Hm, seems any high frequency switcher scheduling cross-core (pipe-test,
or maybe a tbench pair) should show the cost to an affected box.

-Mike

2014-01-14 08:24:34

by Mike Galbraith

[permalink] [raw]

Subject: Re: Idle power fix regresses ebizzy performance (was 3.12-stable backport of NUMA balancing patches)
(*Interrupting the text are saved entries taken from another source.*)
text \<open>\<open>W (norm x) = G ((norm x)^2)\<close> with \<open>G = W \<circ> sqrt\<close>, which is twice differentiable near \<open>(norm z)^2 > 0\<close>.\<close>

lemma superjet2_radial:
  fixes W W1 W2 :: "real \<Rightarrow> real" and z :: "real^'n"
  assumes ab: "0 < a" "a < norm z" "norm z < b"
    and W1: "\<forall>t\<in>{a<..<b}. (W has_real_derivative W1 t) (at t)"
    and W2: "\<forall>t\<in>{a<..<b}. (W1 has_real_derivative W2 t) (at t)"
    and cont: "continuous_on {a<..<b} W2"
  shows "((W1 (norm z) / norm z) *\<^sub>R z,
          radial_matrix (W1 (norm z) / norm z) ((W2 (norm z) - W1 (norm z) / norm z) / (norm z)^2) z)
         \<in> superjet2 UNIV (\<lambda>x. W (norm x)) z"
proof -
  define r where "r = norm z"
  have "r > 0"
    using ab unfolding r_def by linarith
  define G1 where "G1 = (\<lambda>s. W1 (sqrt s) / (2 * sqrt s))"
  define G2 where "G2 = (\<lambda>s. W2 (sqrt s) / (4 * (sqrt s)^2) - W1 (sqrt s) / (4 * (sqrt s)^3))"
  have sqrt_r: "sqrt (r^2) = r"
    using \<open>r > 0\<close> by simp
  have "isCont G2 (r^2)"
  proof -
    have "isCont W2 r" "isCont W1 r"
      using cont W2 ab unfolding r_def by (auto simp: continuous_on_eq_continuous_at intro: DERIV_isCont)
    then have "isCont (\<lambda>s. W2 (sqrt s)) (r^2)" "isCont (\<lambda>s. W1 (sqrt s)) (r^2)"
      using isCont_o2[OF isCont_real_sqrt, of "r^2"] sqrt_r by simp_all
    then show ?thesis
      unfolding G2_def using \<open>r > 0\<close> by (intro continuous_intros) (auto simp: sqrt_r)
  qed
  moreover have "a^2 < r^2" "r^2 < b^2"
    using ab \<open>r > 0\<close> unfolding r_def by (auto intro!: power_strict_mono)
  moreover have "a < b"
    using ab by linarith
  then have "\<forall>s\<in>{a^2<..<b^2}. ((\<lambda>s. W (sqrt s)) has_real_derivative G1 s) (at s)"
    "\<forall>s\<in>{a^2<..<b^2}. (G1 has_real_derivative G2 s) (at s)"
    using comp_sqrt_derivatives[OF ab(1) _ W1 W2] unfolding G1_def G2_def by auto
  ultimately have "\<forall>e>0. \<exists>d>0. \<forall>s. \<bar>s - r^2\<bar> < d \<longrightarrow> W (sqrt s) \<le> W (sqrt (r^2))
      + G1 (r^2) * (s - r^2) + (G2 (r^2) / 2) * (s - r^2)^2 + e * (s - r^2)^2"
    using second_order_upper_estimate by blast
  then have "((2 * G1 (r^2)) *\<^sub>R z, radial_matrix (2 * G1 (r^2)) (4 * G2 (r^2)) z)
      \<in> superjet2 UNIV (\<lambda>x. W (sqrt ((norm x)^2))) z"
    unfolding r_def by (rule superjet2_comp_norm_power2[where G = "\<lambda>s. W (sqrt s)"])
  moreover have "2 * G1 (r^2) = W1 r / r" "4 * G2 (r^2) = (W2 r - W1 r / r) / r^2"
    unfolding G1_def G2_def sqrt_r using \<open>r > 0\<close>
    by (simp_all add: field_simps power2_eq_square power3_eq_cube)
  ultimately show ?thesis
    unfolding r_def by simp
qed

lemma superjet2_quadratic:
  assumes "transpose A = A"
  shows "(v, A) \<in> superjet2 UNIV (\<lambda>y. v \<bullet> (y - z) + 1/2 * ((A *v (y - z)) \<bullet> (y - z))) z"
  using assms unfolding superjet2_def by (auto intro: exI[of _ 1])

section \<open>The maximum principle for solutions\<close>

locale nonneg_inf_solution =
  fixes \<Omega> :: "(real^'n) set" and c :: "real \<Rightarrow> real" and lam :: real and u :: "real^'n \<Rightarrow> real"
  assumes open_domain: "open \<Omega>" and solution: "nonneg_solution \<Omega> c lam u"
    and c_pos: "\<forall>r>0. c r > 0" and c_antimono: "\<forall>r s. 0 < r \<and> r \<le> s \<longrightarrow> c s \<le> c r"
    and lam_gt_3: "lam > 3"
begin

lemma usc_u: "usc_on (closure \<Omega>) u"
  using solution unfolding nonneg_solution_def by blast

lemma in_domain_if_pos: "x \<in> closure \<Omega> \<Longrightarrow> u x > 0 \<Longrightarrow> x \<in> \<Omega>"
  using solution open_domain unfolding nonneg_solution_def frontier_def
  by (metis DiffI interior_open less_irrefl)

lemma superjet2_bound: "x \<in> \<Omega> \<Longrightarrow> (v, A) \<in> superjet2 \<Omega> u x \<Longrightarrow> c (norm x) * u x powr lam \<le> (A *v v) \<bullet> v"
  using solution unfolding nonneg_solution_def by fast

lemma c_le: "0 < r \<Longrightarrow> r \<le> s \<Longrightarrow> c s \<le> c r"
  using c_antimono by blast

lemma radial_touching_above:
  fixes W W1 W2 :: "real \<Rightarrow> real"
  assumes "z \<in> \<Omega>" and ab: "0 < a" "a < norm z" "norm z < b"
    and W1: "\<forall>t\<in>{a<..<b}. (W has_real_derivative W1 t) (at t)"
    and W2: "\<forall>t\<in>{a<..<b}. (W1 has_real_derivative W2 t) (at t)"
    and cont: "continuous_on {a<..<b} W2"
    and touch: "d > 0" "\<forall>x\<in>\<Omega>. norm (x - z) < d \<longrightarrow> u x - u z \<le> W (norm x) - W (norm z)"
  shows "c (norm z) * u z powr lam \<le> W2 (norm z) * (W1 (norm z))^2"
proof -
  define r where "r = norm z"
  define v where "v = (W1 r / r) *\<^sub>R z"
  define A where "A = radial_matrix (W1 r / r) ((W2 r - W1 r / r) / r^2) z"
  have "(v, A) \<in> superjet2 \<Omega> u z"
    unfolding v_def A_def r_def
    by (rule superjet2_touching_above[OF superjet2_radial[OF ab W1 W2 cont] touch])
  then have "c r * u z powr lam \<le> (A *v v) \<bullet> v"
    unfolding r_def using superjet2_bound \<open>z \<in> \<Omega>\<close> by blast
  also have "(A *v v) \<bullet> v = W2 r * (W1 r)^2"
  proof -
    have "r > 0"
      using ab unfolding r_def by linarith
    have "norm v = \<bar>W1 r / r\<bar> * r"
      unfolding v_def r_def by simp
    then have norm_v: "(norm v)^2 = (W1 r / r)^2 * r^2"
      by (metis power2_abs power_mult_distrib)
    have z_v: "z \<bullet> v = (W1 r / r) * r^2"
      unfolding v_def r_def by (simp add: dot_square_norm)
    have "(A *v v) \<bullet> v = (W1 r / r) * (W1 r / r)^2 * r^2 + ((W2 r - W1 r / r) / r^2) * ((W1 r / r) * r^2)^2"
      unfolding A_def radial_matrix_quadratic_form norm_v z_v by simp
    also have "\<dots> = W2 r * (W1 r)^2"
      using \<open>r > 0\<close> by (simp add: field_simps power2_eq_square)
    finally show ?thesis .
  qed
  finally show ?thesis
    unfolding r_def .
qed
On Tue, 2014-01-14 at 09:01 +0100, Mike Galbraith wrote:
> On Tue, 2014-01-14 at 02:31 -0500, Len Brown wrote:
> > > This is a false alarm.
> >
> > Thanks for the follow-up, Mel.
> >
> > Agreed, it makes no sense for ebizzy measure 'throughput', when a
> > library debug bottleneck
> > prevents it from scaling past 3% CPU utilization.
> >
> > Still, the broken configuration did find a difference due to the
> > addition of CLFLUSH on this box.
> > It makes me wonder if we will find issues on workloads that may depend
> > on the latency
> > of idle entry/exit, or perhaps sensitivity to the state of the cache
> > line containing thread_info->flags.
> >
> > If somebody runs into such a workload, please try changing this 1 line
> > of intel_idle.c to limit
> > the CLFLUSH to C-states deeper than C1E, and let me know what you see.
> >
> > - if (this_cpu_has(X86_FEATURE_CLFLUSH_MONITOR))
> > + if ((eax > 1) && this_cpu_has(X86_FEATURE_CLFLUSH_MONITOR))
> > clflush((void *)&current_thread_info()->flags);
>
> Hm, seems any high frequency switcher scheduling cross-core (pipe-test,
> or maybe a tbench pair) should show the cost to an affected box.

Oh yeah.. :) unless of course it's a Q6600 (poke poke).